Christy and Arthur have a falling out!

Legendary Irish singer/songwriter, Christy Moore has weighed into the now annual Arthur’s Day controversy by penning a hard-hitting critique of the event which he is planning to release on September 26, the same day as Guinness celebrates the fifth iteration of its 250th birthday. For a musician who lived hard and documented in song, the travails of the morning after and more, it represents quite a sober reflection. It has also been quickly embraced by Arthur’s Day critics who dismiss the event as just a cheap marketing gimmick designed to sell booze. But are these critics missing the point?

 

 

Far from being a cheap gimmick, Arthur’s Day is marketing genius. By any commercial metric you care to use, the event is highly successful. Through connecting with live music events, the brand generates high awareness and very positive brand associations. Peer-to-peer marketing through social media and the attendant public relations coverage of the event itself has been estimated to be worth around €350m annually to the brand.

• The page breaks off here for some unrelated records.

(* Let $\mathcal{Q}$ be a small involutive quantaloid and $\mathbb{A}$ a symmetric $\mathcal{Q}$-category. The following are equivalent: (1) $\mathbb{A}$ is symmetrically complete, i.e. for every symmetric $\mathcal{Q}$-category $\mathbb{B}$, the map $F\mapsto\mathbb{A}(-,F-)$ from the ordered set of functors $\mathbb{B}\to\mathbb{A}$ to the ordered set of symmetric left adjoint distributors $\mathbb{B}\to\mathbb{A}$ is an equivalence; (2) for every symmetric $\mathcal{Q}$-category $\mathbb{B}$, every symmetric left adjoint distributor $\Phi\colon\mathbb{B}\to\mathbb{A}$ is representable; (3) for every $X\in\mathcal{Q}_0$, every symmetric left adjoint presheaf $\phi\colon *_X\to\mathbb{A}$ is representable.
   Context: A quantaloid is a category enriched in $\mathsf{Sup}$; an involution is an identity-on-objects, direction-reversing, monotone map $f\mapsto f^{\mathsf o}$ on morphisms with $(g\circ f)^{\mathsf o}=f^{\mathsf o}\circ g^{\mathsf o}$, $f^{\mathsf{oo}}=f$. A $\mathcal{Q}$-category $\mathbb{A}$: objects $\mathbb{A}_0$ with types $tx$, homs $\mathbb{A}(y,x)\colon tx\to ty$ with $\mathbb{A}(z,y)\circ\mathbb{A}(y,x)\le\mathbb{A}(z,x)$, $1_{tx}\le\mathbb{A}(x,x)$; symmetric if $\mathbb{A}(x,y)=\mathbb{A}(y,x)^{\mathsf o}$. A functor $F\colon\mathbb{B}\to\mathbb{A}$ is a type-preserving object map with $\mathbb{B}(y,x)\le\mathbb{A}(Fy,Fx)$; functors are preordered by $F\le G$ iff $1_{tx}\le\mathbb{A}(Fx,Gx)$ for all $x$. A distributor $\Phi\colon\mathbb{B}\to\mathbb{A}$: arrows $\Phi(a,b)\colon tb\to ta$ with $\mathbb{A}(a',a)\circ\Phi(a,b)\le\Phi(a',b)$ and $\Phi(a,b)\circ\mathbb{B}(b,b')\le\Phi(a,b')$; composition $(\Psi\otimes\Phi)(z,x)=\bigvee_y\Psi(z,y)\circ\Phi(y,x)$, identities the hom-families, elementwise order. $\Phi$ is a left adjoint with right adjoint $\Phi^*$ if $\mathbb{B}\le\Phi^*\otimes\Phi$, $\Phi\otimes\Phi^*\le\mathbb{A}$. For symmetric $\mathbb{A},\mathbb{B}$, $\Phi^{\mathsf o}\colon\mathbb{A}\to\mathbb{B}$ is $\Phi^{\mathsf o}(b,a)=\Phi(a,b)^{\mathsf o}$, and $\Phi$ is a symmetric left adjoint if it is left adjoint to $\Phi^{\mathsf o}$. $\Phi$ is representable if $\Phi=\mathbb{A}(-,F-)$ (elements $\mathbb{A}(a,Fb)$) for some functor $F$. $*_X$ is the one-object $\mathcal{Q}$-category of type $X$ with hom $1_X$; a presheaf is a distributor $*_X\to\mathbb{A}$. *)

theory Defs
  imports Main
begin

text \<open>Every element of 'm is
a morphism with domain qdom and codomain qcod; qcomp g f is g after f; qsup X Y S is
the supremum of a set S of arrows X to Y in the hom-sup-lattice; qinv is the involution.\<close>

record ('o, 'm) quantaloid =
  qdom  :: "'m \<Rightarrow> 'o"
  qcod  :: "'m \<Rightarrow> 'o"
  qcomp :: "'m \<Rightarrow> 'm \<Rightarrow> 'm"
  qid   :: "'o \<Rightarrow> 'm"
  qle   :: "'m \<Rightarrow> 'm \<Rightarrow> bool"
  qsup  :: "'o \<Rightarrow> 'o \<Rightarrow> 'm set \<Rightarrow> 'm"
  qinv  :: "'m \<Rightarrow> 'm"

definition qhom :: "('o, 'm) quantaloid \<Rightarrow> 'o \<Rightarrow> 'o \<Rightarrow> 'm set" where
  "qhom Q X Y = {f. qdom Q f = X \<and> qcod Q f = Y}"

definition is_quantaloid :: "('o, 'm) quantaloid \<Rightarrow> bool" where
  "is_quantaloid Q \<longleftrightarrow>
     \<comment> \<open>category structure\<close>
     (\<forall>X. qdom Q (qid Q X) = X \<and> qcod Q (qid Q X) = X) \<and>
     (\<forall>f g. qdom Q g = qcod Q f \<longrightarrow>
        qdom Q (qcomp Q g f) = qdom Q f \<and> qcod Q (qcomp Q g f) = qcod Q g) \<and>
     (\<forall>f. qcomp Q f (qid Q (qdom Q f)) = f \<and> qcomp Q (qid Q (qcod Q f)) f = f) \<and>
     (\<forall>f g h. qdom Q g = qcod Q f \<and> qdom Q h = qcod Q g \<longrightarrow>
        qcomp Q h (qcomp Q g f) = qcomp Q (qcomp Q h g) f) \<and>
     \<comment> \<open>each hom-set is partially ordered\<close>
     (\<forall>f g. qle Q f g \<longrightarrow> qdom Q f = qdom Q g \<and> qcod Q f = qcod Q g) \<and>
     (\<forall>f. qle Q f f) \<and>
     (\<forall>f g. qle Q f g \<and> qle Q g f \<longrightarrow> f = g) \<and>
     (\<forall>f g h. qle Q f g \<and> qle Q g h \<longrightarrow> qle Q f h) \<and>
     \<comment> \<open>each hom-set is a complete lattice (all suprema exist)\<close>
     (\<forall>X Y S. S \<subseteq> qhom Q X Y \<longrightarrow>
        qsup Q X Y S \<in> qhom Q X Y \<and>
        (\<forall>f\<in>S. qle Q f (qsup Q X Y S)) \<and>
        (\<forall>g\<in>qhom Q X Y. (\<forall>f\<in>S. qle Q f g) \<longrightarrow> qle Q (qsup Q X Y S) g)) \<and>
     \<comment> \<open>composition preserves suprema in each variable (Sup-enrichment)\<close>
     (\<forall>X Y Z S g. S \<subseteq> qhom Q X Y \<and> g \<in> qhom Q Y Z \<longrightarrow>
        qcomp Q g (qsup Q X Y S) = qsup Q X Z (qcomp Q g ` S)) \<and>
     (\<forall>X Y Z S f. f \<in> qhom Q X Y \<and> S \<subseteq> qhom Q Y Z \<longrightarrow>
        qcomp Q (qsup Q Y Z S) f = qsup Q X Z ((\<lambda>g. qcomp Q g f) ` S))"

definition is_involutive_quantaloid :: "('o, 'm) quantaloid \<Rightarrow> bool" where
  "is_involutive_quantaloid Q \<longleftrightarrow> is_quantaloid Q \<and>
     (\<forall>f. qdom Q (qinv Q f) = qcod Q f \<and> qcod Q (qinv Q f) = qdom Q f) \<and>
     (\<forall>f g. qle Q f g \<longrightarrow> qle Q (qinv Q f) (qinv Q g)) \<and>
     (\<forall>f g. qdom Q g = qcod Q f \<longrightarrow> qinv Q (qcomp Q g f) = qcomp Q (qinv Q f) (qinv Q g)) \<and>
     (\<forall>f. qinv Q (qinv Q f) = f)"

text \<open>A Q-category: a set of objects qobj, types qty, homs qhm y x : ty x \<rightarrow> ty y.\<close>

record ('a, 'o, 'm) qcat =
  qobj :: "'a set"
  qty  :: "'a \<Rightarrow> 'o"
  qhm  :: "'a \<Rightarrow> 'a \<Rightarrow> 'm"

definition is_qcat :: "('o, 'm) quantaloid \<Rightarrow> ('a, 'o, 'm) qcat \<Rightarrow> bool" where
  "is_qcat Q A \<longleftrightarrow>
     (\<forall>x\<in>qobj A. \<forall>y\<in>qobj A. qhm A y x \<in> qhom Q (qty A x) (qty A y)) \<and>
     (\<forall>x\<in>qobj A. \<forall>y\<in>qobj A. \<forall>z\<in>qobj A.
        qle Q (qcomp Q (qhm A z y) (qhm A y x)) (qhm A z x)) \<and>
     (\<forall>x\<in>qobj A. qle Q (qid Q (qty A x)) (qhm A x x))"

definition is_symmetric_qcat :: "('o, 'm) quantaloid \<Rightarrow> ('a, 'o, 'm) qcat \<Rightarrow> bool" where
  "is_symmetric_qcat Q A \<longleftrightarrow> is_qcat Q A \<and>
     (\<forall>x\<in>qobj A. \<forall>y\<in>qobj A. qhm A x y = qinv Q (qhm A y x))"

definition is_qfunctor ::
  "('o, 'm) quantaloid \<Rightarrow> ('b, 'o, 'm) qcat \<Rightarrow> ('a, 'o, 'm) qcat \<Rightarrow> ('b \<Rightarrow> 'a) \<Rightarrow> bool" where
  "is_qfunctor Q B A F \<longleftrightarrow>
     (\<forall>x\<in>qobj B. F x \<in> qobj A \<and> qty A (F x) = qty B x) \<and>
     (\<forall>x\<in>qobj B. \<forall>y\<in>qobj B. qle Q (qhm B y x) (qhm A (F y) (F x)))"

definition qfunctor_le ::
  "('o, 'm) quantaloid \<Rightarrow> ('b, 'o, 'm) qcat \<Rightarrow> ('a, 'o, 'm) qcat \<Rightarrow> ('b \<Rightarrow> 'a) \<Rightarrow> ('b \<Rightarrow> 'a) \<Rightarrow> bool" where
  "qfunctor_le Q B A F G \<longleftrightarrow> (\<forall>x\<in>qobj B. qle Q (qid Q (qty B x)) (qhm A (F x) (G x)))"

text \<open>Distributors \<Phi> : B \<rightarrow> A, given by elements \<Phi> a b : ty b \<rightarrow> ty a.\<close>

definition is_distributor ::
  "('o, 'm) quantaloid \<Rightarrow> ('b, 'o, 'm) qcat \<Rightarrow> ('a, 'o, 'm) qcat \<Rightarrow> ('a \<Rightarrow> 'b \<Rightarrow> 'm) \<Rightarrow> bool" where
  "is_distributor Q B A \<Phi> \<longleftrightarrow>
     (\<forall>a\<in>qobj A. \<forall>b\<in>qobj B. \<Phi> a b \<in> qhom Q (qty B b) (qty A a)) \<and>
     (\<forall>a\<in>qobj A. \<forall>a'\<in>qobj A. \<forall>b\<in>qobj B. qle Q (qcomp Q (qhm A a' a) (\<Phi> a b)) (\<Phi> a' b)) \<and>
     (\<forall>a\<in>qobj A. \<forall>b\<in>qobj B. \<forall>b'\<in>qobj B. qle Q (qcomp Q (\<Phi> a b) (qhm B b b')) (\<Phi> a b'))"

definition dist_le ::
  "('o, 'm) quantaloid \<Rightarrow> ('b, 'o, 'm) qcat \<Rightarrow> ('a, 'o, 'm) qcat \<Rightarrow>
   ('a \<Rightarrow> 'b \<Rightarrow> 'm) \<Rightarrow> ('a \<Rightarrow> 'b \<Rightarrow> 'm) \<Rightarrow> bool" where
  "dist_le Q B A \<Phi> \<Psi> \<longleftrightarrow> (\<forall>a\<in>qobj A. \<forall>b\<in>qobj B. qle Q (\<Phi> a b) (\<Psi> a b))"

definition dist_comp ::
  "('o, 'm) quantaloid \<Rightarrow> ('c, 'o, 'm) qcat \<Rightarrow> ('b, 'o, 'm) qcat \<Rightarrow> ('a, 'o, 'm) qcat \<Rightarrow>
   ('a \<Rightarrow> 'b \<Rightarrow> 'm) \<Rightarrow> ('b \<Rightarrow> 'c \<Rightarrow> 'm) \<Rightarrow> ('a \<Rightarrow> 'c \<Rightarrow> 'm)" where
  "dist_comp Q C B A \<Psi> \<Phi> = (\<lambda>z x. qsup Q (qty C x) (qty A z)
       ((\<lambda>y. qcomp Q (\<Psi> z y) (\<Phi> y x)) ` qobj B))"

What tends to be forgotten is that Arthur’s day was originally conceived as a vehicle for supporting Guinness’ channel partners, namely the pubs, who have been steadily losing sales as more consumers chose to drink at home. Bringing consumers into licensed establishments at 17.59pm generates a surge in sales for the distributor and of course for the brand itself.

 

So far from being a gimmick, Arthur’s Day has been a highly successful marketing initiative which probably explains why it also generates such a torrent of criticism. To look at it in isolation each year is to miss the much more important point which is what does society deem to be acceptable behaviour by businesses. Left to their own devices, businesses will push almost any boundary that will drive an increase in sales and profit – we need to merely look at the behaviour of the world’s major financial institutions (and our own) to see that. Ireland’s sporting organisations have been campaigning hard this year against proposed restrictions on the sponsorship of sports events by alcohol companies which they are well justified in doing when events like Arthur’s Day remain untouched by regulators. More than anything, the annual outcry against Arthur’s Day shows how guilty society is of not being able to see the wood for the trees!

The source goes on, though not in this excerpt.